The Thai Prison Service stated that “Sadaqat Zadeh and Moradi were transferred as prisoners to Iran, while Khazaee received a royal pardon.”

While the first images released Wednesday night, depicting a professor of Islamic studies at the University of Melbourne in Australia, excited the joy of her family, who had worked for a long time to secure her release.

The Iranian Radio and Television Agency (IRIB) released images showing Laure Gilbert at Tehran airport alongside the Australian ambassador to Iran, Lyndall Sach.

Other images also showed three men, one of them in a wheelchair, having ceremonies honored by Iranian officials, including Deputy Foreign Minister Abbas Araqchi.

It is reported that in letters leaked from prison and published by the British media in January, Moore-Gilbert wrote that he “spent ten months in solitary confinement, leading to a significant deterioration in his health.”
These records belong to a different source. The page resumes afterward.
lemma det_identity_except_two_columns:
  fixes X :: "'a :: comm_ring_1 mat"
  assumes X: "X \<in> carrier_mat n n" and m: "m < n" and p: "p < n" and "m \<noteq> p"
    and unit: "\<And>i j. i < n \<Longrightarrow> j < n \<Longrightarrow> j \<notin> {m, p} \<Longrightarrow> X $$ (i, j) = (if i = j then 1 else 0)"
  shows "det X = X $$ (m, m) * X $$ (p, p) - X $$ (m, p) * X $$ (p, m)"
proof -
  let ?t = "Transposition.transpose m p"
  let ?g = "\<lambda>\<sigma>. of_int (sign \<sigma>) * (\<Prod>i=0..<n. X $$ (i, \<sigma> i))"
  have prod_pair: "(\<Prod>i=0..<n. X $$ (i, \<sigma> i)) = X $$ (m, \<sigma> m) * X $$ (p, \<sigma> p)"
    if "\<sigma> = id \<or> \<sigma> = ?t" for \<sigma>
  proof -
    have "\<sigma> i = i" if "i \<notin> {m, p}" for i
      using \<open>\<sigma> = id \<or> \<sigma> = ?t\<close> that by auto
    then have "(\<Prod>i=0..<n. X $$ (i, \<sigma> i)) = (\<Prod>i\<in>{m, p}. X $$ (i, \<sigma> i))"
      using m p unit by (intro prod.mono_neutral_right) auto
    then show ?thesis using \<open>m \<noteq> p\<close> by simp
  qed
  have vanish: "?g \<sigma> = 0" if \<sigma>: "\<sigma> permutes {0..<n}" and "\<sigma> \<notin> {id, ?t}" for \<sigma>
  proof -
    obtain i where i: "\<sigma> i \<noteq> i" "\<sigma> i \<notin> {m, p}"
      using inj_moving_into_pair[OF permutes_inj[OF \<sigma>] \<open>m \<noteq> p\<close>] \<open>\<sigma> \<notin> {id, ?t}\<close> by blast
    then have "i < n" "\<sigma> i < n"
      using permutes_not_in[OF \<sigma>] permutes_in_image[OF \<sigma>] by fastforce+
    with i have "X $$ (i, \<sigma> i) = 0" using unit by auto
    with \<open>i < n\<close> have "(\<Prod>i=0..<n. X $$ (i, \<sigma> i)) = 0"
      by (intro prod_zero) auto
    then show ?thesis by simp
  qed
  have "det X = (\<Sum>\<sigma> | \<sigma> permutes {0..<n}. ?g \<sigma>)" by (rule det_def'[OF X])
  also have "\<dots> = (\<Sum>\<sigma>\<in>{id, ?t}. ?g \<sigma>)"
    using m p vanish by (intro sum.mono_neutral_right) (auto simp: finite_permutations permutes_swap_id)
  also have "\<dots> = ?g id + ?g ?t"
  proof -
    have "?t m = p" by simp
    then have "id \<noteq> ?t" using \<open>m \<noteq> p\<close> by (metis id_apply)
    then show ?thesis by simp
  qed
  also have "\<dots> = X $$ (m, m) * X $$ (p, p) - X $$ (m, p) * X $$ (p, m)"
    using prod_pair[of id] prod_pair[of ?t] \<open>m \<noteq> p\<close> by (simp add: sign_swap_id)
  finally show ?thesis .
qed

lemma det_two_diagonal_columns:
  fixes Y :: "'a :: comm_ring_1 mat"
  assumes Y: "Y \<in> carrier_mat n n" and m: "m < n" and p: "p < n" and "m \<noteq> p"
    and diag: "\<And>i j. i < n \<Longrightarrow> j \<in> {m, p} \<Longrightarrow> Y $$ (i, j) = (if i = j then c else 0)"
  shows "det Y = c * c * det (mat_delete (mat_delete Y m m) (delete_index m p) (delete_index m p))"
proof -
  define p' where "p' = delete_index m p"
  define Y1 where "Y1 = mat_delete Y m m"
  have p': "p' < n - 1" "insert_index m p' = p"
    using m p \<open>m \<noteq> p\<close> unfolding p'_def delete_index_def insert_index_def by auto
  have Y1: "Y1 \<in> carrier_mat (n - 1) (n - 1)" using mat_delete_carrier[OF Y] by (simp add: Y1_def)
  have "Y1 $$ (a, p') = (if a = p' then c else 0)" if "a < n - 1" for a
  proof -
    have "insert_index m a < n" using that by (auto simp: insert_index_def)
    then show ?thesis using that p' Y diag[of _ p] by (auto simp: Y1_def index_mat_delete)
  qed
  then have "det Y1 = c * det (mat_delete Y1 p' p')"
    using det_diagonal_column[OF Y1 p'(1)] p' by simp
  moreover have "det Y = c * det Y1"
    using det_diagonal_column[OF Y m] diag m by (simp add: Y1_def)
  ultimately show ?thesis by (simp add: Y1_def p'_def)
qed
In a letter in Farsi to Iranian authorities, Moore-Gilbert claimed that he had “officially and categorically rejected an offer” to work for the Revolutionary Guard Intelligence Service, “according to the British newspapers” The Guardian “and” Times “.

And he continued: “They will not convince me to change my mind in any way”, stating: “I am not a spy, nor have I ever been.”

Moore-Gilbert also complained, in letters written between June and December 2019, that he was denied prison visits or making phone calls, referring to health problems.

The letters bore the signature of an “innocent political prisoner”, who expressed her feeling that she was “abandoned and forgotten.”

In addition, the investigator requested in these letters to be transferred to the General Section for Women of the Evin Prison in Tehran, after having spent months in solitary confinement, while saying that it was “a small cell with continuous light.”

Later, she was transferred to the department where the Iranian-French Academy Fariba Adelkhah, and the British-Iranian Nazinin Zaghari-Ratcliffe were also located.

It is noteworthy that Tehran has always been accused of conducting “hostage diplomacy”, referring to the arrest of citizens with dual nationality, with the aim of obtaining benefits from the second countries of their nationality.

After more than 800 days in prison, the Middle East affairs specialist described her arrest on Thursday as “a long and traumatic ordeal”, adding that “the support she received while in detention was what concerned her most.”

The 33-year-old investigator was arrested in 2018 by the Revolutionary Guards after attending a conference in the central Iranian city of Qom, charged with espionage and sentenced to 10 years in prison.